Lloyds Bank will cut 3,000 jobs and close 200 branches, despite doubling its profits in the first half of the year.
The Bank posted a pre-tax profit of £2.5 billion in the first six months of 2016, up from £1.2bn in the same period last year.
Those job cuts and closures come in addition to the 9,000 axed jobs and 200 branches announced in 2014.
Chief executive Antonio Horta-Osorio warned that Lloyds expects a "deceleration of growth" following the Brexit vote. He explained that the reasons behind measures to cut costs even further come in two areas - firstly, changes in the way people do their banking, and secondly the chances of interest rates being kept low for some time after the Brexit vote.
Mr Horta-Osorio did stress, however, that the bank was in a "strong position to withstand the uncertainty" generated by the vote to leave the European Union. Before the referendum, Lloyds Banking Group warned of short-term uncertainty if the UK voted to leave the EU, but said it was "unclear" what the long-term impact would be.

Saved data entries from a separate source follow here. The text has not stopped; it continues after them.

definition adj_range :: "('a::topological_space \<Rightarrow> 'a) \<Rightarrow> ('a \<Rightarrow> real) \<Rightarrow> ('a set \<Rightarrow> real) set" where
  "adj_range \<phi> g = {(\<lambda>E. comp_adj \<phi> (signed_of M1 M2) E + mult_adj g M1 M2 E) | M1 M2.
                      regular_measure M1 \<and> regular_measure M2}"

definition tv_separable :: "('a::topological_space set \<Rightarrow> real) set \<Rightarrow> bool" where
  "tv_separable R \<longleftrightarrow> (\<exists>D. countable D \<and> D \<subseteq> R \<and>
     (\<forall>r\<in>R. \<forall>e>0. \<exists>d\<in>D. tv_norm (\<lambda>E. r E - d E) < e))"

end

theory Submission imports Defs "HOL-Probability.Giry_Monad" begin

text \<open>Point masses \<open>\<delta>\<^sub>a\<close>, \<open>a \<in> A\<close>, are sent by \<open>T\<^sup>* + M\<^sub>g\<^sup>*\<close> to \<open>\<delta>\<^bsub>\<phi> a\<^esub> + g(a) \<delta>\<^sub>a\<close>.
  Since \<open>\<phi>\<close> is injective on \<open>A\<close> and \<open>\<phi>(A)\<close> misses \<open>A\<close>, two distinct such images differ by \<open>1\<close>
  on the singleton \<open>{\<phi> a}\<close>, so they are at total variation distance at least \<open>1\<close>. An uncountable
  \<open>1\<close>-separated subset rules out a countable dense subset.\<close>

definition variation_bounded :: "('a::topological_space set \<Rightarrow> real) \<Rightarrow> bool" where
  "variation_bounded \<nu> \<longleftrightarrow>
     (\<exists>C. \<forall>P. finite P \<and> disjoint P \<and> P \<subseteq> sets borel \<longrightarrow> (\<Sum>E\<in>P. \<bar>\<nu> E\<bar>) \<le> C)"

lemma abs_le_tv_norm:
  assumes "variation_bounded \<nu>" and "E \<in> sets borel"
  shows "\<bar>\<nu> E\<bar> \<le> tv_norm \<nu>"
proof -
  have "(\<Sum>E\<in>{E}. \<bar>\<nu> E\<bar>) \<le> (SUP P\<in>{P. finite P \<and> disjoint P \<and> P \<subseteq> sets borel}. \<Sum>E\<in>P. \<bar>\<nu> E\<bar>)"
    using assms by (intro cSUP_upper) (auto simp: variation_bounded_def bdd_above_def)
  then show ?thesis unfolding tv_norm_def by simp
qed

lemma variation_bounded_diff:
  assumes "variation_bounded \<mu>" and "variation_bounded \<nu>"
  shows "variation_bounded (\<lambda>E. \<mu> E - \<nu> E)"
proof -
  obtain C C' where
    C: "\<And>P. finite P \<and> disjoint P \<and> P \<subseteq> sets borel \<Longrightarrow> (\<Sum>E\<in>P. \<bar>\<mu> E\<bar>) \<le> C" and
    C': "\<And>P. finite P \<and> disjoint P \<and> P \<subseteq> sets borel \<Longrightarrow> (\<Sum>E\<in>P. \<bar>\<nu> E\<bar>) \<le> C'"
    using assms unfolding variation_bounded_def by blast
  have "(\<Sum>E\<in>P. \<bar>\<mu> E - \<nu> E\<bar>) \<le> C + C'" if "finite P \<and> disjoint P \<and> P \<subseteq> sets borel" for P
  proof -
    have "(\<Sum>E\<in>P. \<bar>\<mu> E - \<nu> E\<bar>) \<le> (\<Sum>E\<in>P. \<bar>\<mu> E\<bar>) + (\<Sum>E\<in>P. \<bar>\<nu> E\<bar>)"
      unfolding sum.distrib[symmetric] by (intro sum_mono) auto
    also have "\<dots> \<le> C + C'" using C C' that by (intro add_mono)
    finally show ?thesis .
  qed
  then show ?thesis unfolding variation_bounded_def by blast
qed

lemma abs_set_integral_le_measure:
  fixes g :: "'a \<Rightarrow> real"
  assumes "finite_measure M" "E \<in> sets M" "g \<in> borel_measurable M" "\<And>x. \<bar>g x\<bar> \<le> B"
  shows "\<bar>LINT x:E|M. g x\<bar> \<le> B * measure M E"
proof -
  interpret finite_measure M by fact
  have "0 \<le> B" using assms(4) abs_ge_zero order_trans by blast
  have int_g: "integrable M (\<lambda>x. indicator E x * g x)"
    by (rule integrable_const_bound[where B=B]) (use assms \<open>0 \<le> B\<close> in \<open>auto simp: indicator_def\<close>)
  have int_B: "integrable M (\<lambda>x. B * indicator E x)"
    using assms by (intro integrable_mult_right) (simp add: integrable_indicator_iff less_top[symmetric])
  have "\<bar>LINT x:E|M. g x\<bar> \<le> (\<integral>x. \<bar>indicator E x * g x\<bar> \<partial>M)"
    unfolding set_lebesgue_integral_def by (simp add: integral_abs_bound)
  also have "\<dots> \<le> (\<integral>x. B * indicator E x \<partial>M)"
    using int_g int_B assms(4) by (intro integral_mono) (auto simp: indicator_def)
  also have "\<dots> = B * measure M E"
    using assms by simp
  finally show ?thesis .
qed

lemma sum_measure_disjoint_le_total:
  assumes "finite_measure M" "sets M = sets borel" "finite P"
    and "disjoint_family_on f P" "f ` P \<subseteq> sets borel"
  shows "(\<Sum>E\<in>P. measure M (f E)) \<le> measure M UNIV"
proof -
  interpret finite_measure M by fact
  have "(\<Sum>E\<in>P. measure M (f E)) = measure M (\<Union>E\<in>P. f E)"
    using assms by (intro finite_measure_finite_Union[symmetric]) auto
  also have "\<dots> \<le> measure M (space M)" by (rule bounded_measure)
  finally show ?thesis using sets_eq_imp_space_eq[OF assms(2)] by simp
qed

The bank is still part-owned by the taxpayer, with the government still holding roughly a 10% stake. The government had intended to sell the remainder of its stake sometime in the spring, but turmoil in the financial markets at the start of the year prompted then Chancellor George Osborne to delay the sale. And based on Lloyds' current share price, a sale is likely to be some way off.
When George Osborne delayed the sale, shares were valued at 64p each - below the 74p the government paid per share when it bailed out the bank in 2008. The price plunged to around 54-55p following the EU referendum result and has so far struggled to recover, meaning the government would make and even greater loss on its stake.